Nothing in the evidence supports the judge's characterization of Detective Smith's asking to speak with the defendant's mother as “trickery,” or his finding that this was done by prearrangement between the two officers. The judge could fairly infer that Smith's intervention was aimed at weakening the defendant's resistance to admitting his involvement, but there was nothing false or surreptitious about it. Contrast Commonwealth v. Jackson, 377 Mass. 319, 326-329, 386 N.E.2d 15 (1979); Commonwealth v. Forde, 392 Mass. 453, 455, 466 N.E.2d 510 (1984); Commonwealth v. Selby, 420 Mass. 656, 658, 651 N.E.2d 843 (1995); Commonwealth v. Edwards, 420 Mass. 666, 669, 651 N.E.2d 398 (1995); Commonwealth v. DiGiambattista, 442 Mass. 423, 427, 813 N.E.2d 516 (2004). See Commonwealth v. Scoggins, 439 Mass. 571, 576-577, 789 N.E.2d 1080 (2003). As indicated above, under the applicable law, the defendant was not entitled to the presence of an interested adult.
Although the Supreme Judicial Court has laid increasing stress on the desirability of electronic recording of custodial confessions or confessions made in places of detention, see Commonwealth v. Diaz, 422 Mass. 269, 272-273, 661 N.E.2d 1326 (1996); Commonwealth v. Groome, 435 Mass. at 219 n. 26, 755 N.E.2d 1224; Commonwealth v. Scoggins, 439 Mass. at 577 n. 4, 789 N.E.2d 1080; Commonwealth v. DiGiambattista, 442 Mass. at 425, 440-449, 813 N.E.2d 516, the absence of a recording is nevertheless one factor to be considered in an “overarching requirement that the voluntariness of a defendant's statement be determined on the totality of the circumstances.” Id. at 448, 813 N.E.2d 516. Where, as here, the absence of a recording was the choice of the defendant and there is no suggestion of overbearing or coercive tactics by the police, the absence of a recording should not be made the dominant factor in determining that the confession was involuntary.

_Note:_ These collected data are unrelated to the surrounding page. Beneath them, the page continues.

lemma ideal_pow_two_subset_monomial_ideal:
  assumes S: "S \<subseteq> monomial_ideal n U" and "upward_closed U" "upward_closed W"
    and UW: "\<And>\<mu> \<nu>. Poly_Mapping.keys \<mu> \<subseteq> {1..n} \<Longrightarrow> Poly_Mapping.keys \<nu> \<subseteq> {1..n} \<Longrightarrow>
      U \<mu> \<Longrightarrow> U \<nu> \<Longrightarrow> W (\<mu> + \<nu>)"
  shows "ideal_pow n S 2 \<subseteq> monomial_ideal n W"
proof -
  have "ideal_prod n (polyring n) S \<subseteq> monomial_ideal n U"
  proof (rule ideal_prod_subset_monomial_ideal[of _ n "\<lambda>_. True" _ U])
    show "U (\<mu> + \<nu>)" if "U \<nu>" for \<mu> \<nu>
      using \<open>upward_closed U\<close> that unfolding upward_closed_def by (metis add.commute)
  qed (use S \<open>upward_closed U\<close> in \<open>simp_all add: polyring_eq_monomial_ideal\<close>)
  then show ?thesis
    unfolding numeral_2_eq_2 ideal_pow.simps
    by (rule ideal_prod_subset_monomial_ideal[OF _ S \<open>upward_closed W\<close> UW])
qed

lemma pderiv_var_mem_monomial_ideal:
  assumes f: "f \<in> monomial_ideal n U" and UV: "\<And>\<mu>. U \<mu> \<Longrightarrow> V (\<mu> - Poly_Mapping.single i 1)"
  shows "pderiv_var i f \<in> monomial_ideal n V"
  unfolding pderiv_var_def
proof (rule monomial_ideal_sum)
  fix \<mu> assume "\<mu> \<in> Poly_Mapping.keys f"
  then have "Poly_Mapping.keys \<mu> \<subseteq> {1..n}" "U \<mu>"
    using f unfolding monomial_ideal_def by blast+
  then show "Poly_Mapping.single (\<mu> - Poly_Mapping.single i 1)
      (of_nat (Poly_Mapping.lookup \<mu> i) * Poly_Mapping.lookup f \<mu>) \<in> monomial_ideal n V"
    using UV keys_diff_exponents[of \<mu>] by (auto simp: monomial_ideal_def)
qed

section \<open>Powers of the cover ideal and its symbolic powers\<close>

lemma minus_single_add_single:
  "Poly_Mapping.lookup \<mu> k \<noteq> 0 \<Longrightarrow> (\<mu> - Poly_Mapping.single k 1) + Poly_Mapping.single k 1 = (\<mu> :: nat \<Rightarrow>\<^sub>0 nat)"
  by (rule poly_mapping_eqI) (auto simp: lookup_add lookup_minus lookup_single when_def)

lemma var_eq_monom: "var i = monom (Poly_Mapping.single i 1)"
  by (simp add: var_def)

lemma pow_gen_ideal_vars:
  assumes "finite A" "A \<subseteq> {1..n}"
  shows "ideal_pow n (gen_ideal n (var ` A) :: 'a::comm_ring_1 mpoly set) m
       = monomial_ideal n (\<lambda>\<mu>. m \<le> (\<Sum>i\<in>A. Poly_Mapping.lookup \<mu> i))"
proof (induction m)
  case 0
  show ?case by (simp add: polyring_eq_monomial_ideal)
next
  case (Suc m)
  let ?G = "gen_ideal n (var ` A) :: 'a mpoly set"
  let ?P = "\<lambda>m \<mu>. m \<le> (\<Sum>i\<in>A. Poly_Mapping.lookup \<mu> i)"
  have sum_add: "(\<Sum>i\<in>A. Poly_Mapping.lookup (\<mu> + \<nu>) i)
      = (\<Sum>i\<in>A. Poly_Mapping.lookup \<mu> i) + (\<Sum>i\<in>A. Poly_Mapping.lookup \<nu> i)" for \<mu> \<nu> :: "nat \<Rightarrow>\<^sub>0 nat"
    by (simp add: lookup_add sum.distrib)
  have sum_single: "(\<Sum>i\<in>A. Poly_Mapping.lookup (Poly_Mapping.single k 1) i) = (1 :: nat)" if "k \<in> A" for k
    using assms(1) that by (simp add: lookup_single when_def)
  have up: "upward_closed (?P k)" for k
    by (auto simp: upward_closed_def sum_add)
  have "var k \<in> monomial_ideal n (?P 1)" if "k \<in> A" for k
    using that assms(2) sum_single[OF that] unfolding var_eq_monom monom_mem_monomial_ideal_iff by auto
  then have gens: "?G \<subseteq> monomial_ideal n (?P 1)"
    by (intro gen_ideal_subset_monomial_ideal up) auto
  show ?case
  proof
    show "ideal_pow n ?G (Suc m) \<subseteq> monomial_ideal n (?P (Suc m))"
      unfolding ideal_pow.simps Suc.IH
      by (rule ideal_prod_subset_monomial_ideal[OF order.refl gens up]) (simp add: sum_add)
    show "monomial_ideal n (?P (Suc m)) \<subseteq> ideal_pow n ?G (Suc m)"
      unfolding ideal_pow.simps ideal_prod_def Suc.IH
    proof (rule monomial_ideal_subset_gen_ideal)
      fix \<mu> :: "nat \<Rightarrow>\<^sub>0 nat"
      assume \<mu>: "Poly_Mapping.keys \<mu> \<subseteq> {1..n}" "?P (Suc m) \<mu>"
      have "\<exists>k\<in>A. Poly_Mapping.lookup \<mu> k \<noteq> 0"
      proof (rule ccontr)
        assume "\<not> (\<exists>k\<in>A. Poly_Mapping.lookup \<mu> k \<noteq> 0)"
        then have "(\<Sum>i\<in>A. Poly_Mapping.lookup \<mu> i) = 0"
          by simp
        with \<mu>(2) show False
          by simp
      qed
      then obtain k where k: "k \<in> A" "Poly_Mapping.lookup \<mu> k \<noteq> 0"
        by blast
      define \<mu>' where "\<mu>' = \<mu> - Poly_Mapping.single k 1"
      have \<mu>_eq: "\<mu> = \<mu>' + Poly_Mapping.single k 1"
        unfolding \<mu>'_def using minus_single_add_single[OF k(2)] by simp
      have "?P m \<mu>'"
        using \<mu>(2) k(1) unfolding \<mu>_eq sum_add sum_single[OF k(1)] by simp
      moreover have "Poly_Mapping.keys \<mu>' \<subseteq> {1..n}"
        using \<mu>(1) keys_diff_exponents unfolding \<mu>'_def by blast
      ultimately have "monom \<mu>' \<in> monomial_ideal n (?P m)"
        by (simp add: monom_mem_monomial_ideal_iff)
      moreover have "var k \<in> ?G"
        using k(1) by (intro gen_ideal_base) simp
      moreover have "(monom \<mu> :: 'a mpoly) = monom \<mu>' * var k"
        by (simp add: \<mu>_eq var_eq_monom mult_single)
      ultimately show "monom \<mu> \<in> gen_ideal n {a * b |a b. a \<in> monomial_ideal n (?P m) \<and> b \<in> ?G}"
        by (intro gen_ideal_base) blast
    qed
  qed
qed

definition symb_monomial :: "nat set set \<Rightarrow> nat \<Rightarrow> (nat \<Rightarrow>\<^sub>0 nat) \<Rightarrow> bool" where
  "symb_monomial E m \<mu> \<longleftrightarrow>
     (\<forall>i j. {i, j} \<in> E \<longrightarrow> i \<noteq> j \<longrightarrow> m \<le> Poly_Mapping.lookup \<mu> i + Poly_Mapping.lookup \<mu> j)"

lemma upward_closed_symb_monomial: "upward_closed (symb_monomial E m)"
  unfolding upward_closed_def
proof (intro allI impI)
  fix \<mu> \<nu> :: "nat \<Rightarrow>\<^sub>0 nat"
  assume "symb_monomial E m \<mu>"
  then show "symb_monomial E m (\<mu> + \<nu>)"
    unfolding symb_monomial_def lookup_add by (meson add_mono le_add1 order_trans)
qed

The order suppressing the defendant's confession given on September 2, 2005, is therefore reversed.
1. The account that follows is based on the judge's findings of fact, as contrasted to his conclusions, corrected (without material change) to conform to the evidence.
2. That information was wrong.
3. Smith is variously referred to in the transcript as Detective, Officer, and Sergeant.